-- Opening Marker --
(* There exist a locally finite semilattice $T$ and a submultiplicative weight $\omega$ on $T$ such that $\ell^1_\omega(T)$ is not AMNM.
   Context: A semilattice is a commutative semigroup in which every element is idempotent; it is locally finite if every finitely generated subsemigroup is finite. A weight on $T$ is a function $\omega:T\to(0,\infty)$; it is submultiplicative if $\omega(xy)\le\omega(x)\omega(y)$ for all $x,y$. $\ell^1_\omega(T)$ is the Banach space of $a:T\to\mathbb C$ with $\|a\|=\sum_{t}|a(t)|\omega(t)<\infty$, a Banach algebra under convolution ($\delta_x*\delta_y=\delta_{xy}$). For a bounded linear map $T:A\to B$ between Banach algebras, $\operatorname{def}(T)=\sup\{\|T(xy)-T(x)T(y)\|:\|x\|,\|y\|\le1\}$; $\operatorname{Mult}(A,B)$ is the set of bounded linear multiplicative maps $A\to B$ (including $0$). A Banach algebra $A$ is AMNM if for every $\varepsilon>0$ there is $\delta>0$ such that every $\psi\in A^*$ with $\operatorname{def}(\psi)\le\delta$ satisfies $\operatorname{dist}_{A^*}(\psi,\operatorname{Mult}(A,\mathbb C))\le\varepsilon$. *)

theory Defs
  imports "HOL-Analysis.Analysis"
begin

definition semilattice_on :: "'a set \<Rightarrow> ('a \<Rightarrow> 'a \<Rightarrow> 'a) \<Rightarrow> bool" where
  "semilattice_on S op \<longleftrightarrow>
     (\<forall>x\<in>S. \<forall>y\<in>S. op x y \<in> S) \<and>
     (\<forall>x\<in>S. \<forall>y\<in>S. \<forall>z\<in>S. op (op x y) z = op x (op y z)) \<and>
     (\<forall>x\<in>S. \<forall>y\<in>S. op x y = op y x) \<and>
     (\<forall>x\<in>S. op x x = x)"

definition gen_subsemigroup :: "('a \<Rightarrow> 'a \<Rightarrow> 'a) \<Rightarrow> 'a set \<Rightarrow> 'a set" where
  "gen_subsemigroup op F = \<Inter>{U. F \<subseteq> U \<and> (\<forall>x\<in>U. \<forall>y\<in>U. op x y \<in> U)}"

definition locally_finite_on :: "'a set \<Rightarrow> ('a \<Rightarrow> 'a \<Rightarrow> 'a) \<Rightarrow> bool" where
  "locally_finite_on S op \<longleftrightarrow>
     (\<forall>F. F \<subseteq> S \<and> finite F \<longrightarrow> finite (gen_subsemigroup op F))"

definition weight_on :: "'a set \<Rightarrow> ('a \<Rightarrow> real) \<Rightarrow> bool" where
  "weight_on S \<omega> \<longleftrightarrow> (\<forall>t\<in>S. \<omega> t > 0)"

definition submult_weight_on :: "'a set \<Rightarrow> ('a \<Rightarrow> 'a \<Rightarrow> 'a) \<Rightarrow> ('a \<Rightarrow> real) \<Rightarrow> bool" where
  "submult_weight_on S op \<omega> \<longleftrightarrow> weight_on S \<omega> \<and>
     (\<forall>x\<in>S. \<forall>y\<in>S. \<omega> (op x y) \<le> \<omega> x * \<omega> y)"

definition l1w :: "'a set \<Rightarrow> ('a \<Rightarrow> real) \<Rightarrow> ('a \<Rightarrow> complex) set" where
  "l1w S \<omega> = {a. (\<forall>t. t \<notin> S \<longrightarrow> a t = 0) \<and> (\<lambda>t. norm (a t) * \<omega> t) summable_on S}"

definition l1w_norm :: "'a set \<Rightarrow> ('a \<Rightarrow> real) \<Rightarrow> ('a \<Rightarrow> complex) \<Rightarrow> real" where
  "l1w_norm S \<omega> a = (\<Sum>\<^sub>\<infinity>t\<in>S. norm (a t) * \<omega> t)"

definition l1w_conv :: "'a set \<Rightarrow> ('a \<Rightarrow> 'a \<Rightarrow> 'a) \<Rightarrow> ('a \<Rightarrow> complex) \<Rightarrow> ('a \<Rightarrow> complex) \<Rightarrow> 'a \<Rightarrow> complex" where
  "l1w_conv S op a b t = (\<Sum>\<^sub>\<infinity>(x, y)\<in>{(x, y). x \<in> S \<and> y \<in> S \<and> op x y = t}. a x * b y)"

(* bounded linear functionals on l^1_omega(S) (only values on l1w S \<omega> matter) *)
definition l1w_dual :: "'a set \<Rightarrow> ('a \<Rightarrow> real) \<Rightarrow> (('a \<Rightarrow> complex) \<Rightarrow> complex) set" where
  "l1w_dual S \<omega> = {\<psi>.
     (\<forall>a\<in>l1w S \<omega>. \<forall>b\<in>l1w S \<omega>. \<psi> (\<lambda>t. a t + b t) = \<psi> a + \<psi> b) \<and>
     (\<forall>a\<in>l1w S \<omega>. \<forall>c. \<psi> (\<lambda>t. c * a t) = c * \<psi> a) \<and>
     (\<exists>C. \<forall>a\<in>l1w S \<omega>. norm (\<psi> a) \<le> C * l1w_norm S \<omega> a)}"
-- Closing Marker --
→ **EXERCISE GOAL**
Could the entire listing be repeated exactly as written?

→ **ANSWER TO THIS PROBLEM**
(* There exist a locally finite semilattice $T$ and a submultiplicative weight $\omega$ on $T$ such that $\ell^1_\omega(T)$ is not AMNM.
   Context: A semilattice is a commutative semigroup in which every element is idempotent; it is locally finite if every finitely generated subsemigroup is finite. A weight on $T$ is a function $\omega:T\to(0,\infty)$; it is submultiplicative if $\omega(xy)\le\omega(x)\omega(y)$ for all $x,y$. $\ell^1_\omega(T)$ is the Banach space of $a:T\to\mathbb C$ with $\|a\|=\sum_{t}|a(t)|\omega(t)<\infty$, a Banach algebra under convolution ($\delta_x*\delta_y=\delta_{xy}$). For a bounded linear map $T:A\to B$ between Banach algebras, $\operatorname{def}(T)=\sup\{\|T(xy)-T(x)T(y)\|:\|x\|,\|y\|\le1\}$; $\operatorname{Mult}(A,B)$ is the set of bounded linear multiplicative maps $A\to B$ (including $0$). A Banach algebra $A$ is AMNM if for every $\varepsilon>0$ there is $\delta>0$ such that every $\psi\in A^*$ with $\operatorname{def}(\psi)\le\delta$ satisfies $\operatorname{dist}_{A^*}(\psi,\operatorname{Mult}(A,\mathbb C))\le\varepsilon$. *)

theory Defs
  imports "HOL-Analysis.Analysis"
begin

definition semilattice_on :: "'a set \<Rightarrow> ('a \<Rightarrow> 'a \<Rightarrow> 'a) \<Rightarrow> bool" where
  "semilattice_on S op \<longleftrightarrow>
     (\<forall>x\<in>S. \<forall>y\<in>S. op x y \<in> S) \<and>
     (\<forall>x\<in>S. \<forall>y\<in>S. \<forall>z\<in>S. op (op x y) z = op x (op y z)) \<and>
     (\<forall>x\<in>S. \<forall>y\<in>S. op x y = op y x) \<and>
     (\<forall>x\<in>S. op x x = x)"

definition gen_subsemigroup :: "('a \<Rightarrow> 'a \<Rightarrow> 'a) \<Rightarrow> 'a set \<Rightarrow> 'a set" where
  "gen_subsemigroup op F = \<Inter>{U. F \<subseteq> U \<and> (\<forall>x\<in>U. \<forall>y\<in>U. op x y \<in> U)}"

definition locally_finite_on :: "'a set \<Rightarrow> ('a \<Rightarrow> 'a \<Rightarrow> 'a) \<Rightarrow> bool" where
  "locally_finite_on S op \<longleftrightarrow>
     (\<forall>F. F \<subseteq> S \<and> finite F \<longrightarrow> finite (gen_subsemigroup op F))"

definition weight_on :: "'a set \<Rightarrow> ('a \<Rightarrow> real) \<Rightarrow> bool" where
  "weight_on S \<omega> \<longleftrightarrow> (\<forall>t\<in>S. \<omega> t > 0)"

definition submult_weight_on :: "'a set \<Rightarrow> ('a \<Rightarrow> 'a \<Rightarrow> 'a) \<Rightarrow> ('a \<Rightarrow> real) \<Rightarrow> bool" where
  "submult_weight_on S op \<omega> \<longleftrightarrow> weight_on S \<omega> \<and>
     (\<forall>x\<in>S. \<forall>y\<in>S. \<omega> (op x y) \<le> \<omega> x * \<omega> y)"

definition l1w :: "'a set \<Rightarrow> ('a \<Rightarrow> real) \<Rightarrow> ('a \<Rightarrow> complex) set" where
  "l1w S \<omega> = {a. (\<forall>t. t \<notin> S \<longrightarrow> a t = 0) \<and> (\<lambda>t. norm (a t) * \<omega> t) summable_on S}"

definition l1w_norm :: "'a set \<Rightarrow> ('a \<Rightarrow> real) \<Rightarrow> ('a \<Rightarrow> complex) \<Rightarrow> real" where
  "l1w_norm S \<omega> a = (\<Sum>\<^sub>\<infinity>t\<in>S. norm (a t) * \<omega> t)"

definition l1w_conv :: "'a set \<Rightarrow> ('a \<Rightarrow> 'a \<Rightarrow> 'a) \<Rightarrow> ('a \<Rightarrow> complex) \<Rightarrow> ('a \<Rightarrow> complex) \<Rightarrow> 'a \<Rightarrow> complex" where
  "l1w_conv S op a b t = (\<Sum>\<^sub>\<infinity>(x, y)\<in>{(x, y). x \<in> S \<and> y \<in> S \<and> op x y = t}. a x * b y)"

(* bounded linear functionals on l^1_omega(S) (only values on l1w S \<omega> matter) *)
definition l1w_dual :: "'a set \<Rightarrow> ('a \<Rightarrow> real) \<Rightarrow> (('a \<Rightarrow> complex) \<Rightarrow> complex) set" where
  "l1w_dual S \<omega> = {\<psi>.
     (\<forall>a\<in>l1w S \<omega>. \<forall>b\<in>l1w S \<omega>. \<psi> (\<lambda>t. a t + b t) = \<psi> a + \<psi> b) \<and>
     (\<forall>a\<in>l1w S \<omega>. \<forall>c. \<psi> (\<lambda>t. c * a t) = c * \<psi> a) \<and>
     (\<exists>C. \<forall>a\<in>l1w S \<omega>. norm (\<psi> a) \<le> C * l1w_norm S \<omega> a)}"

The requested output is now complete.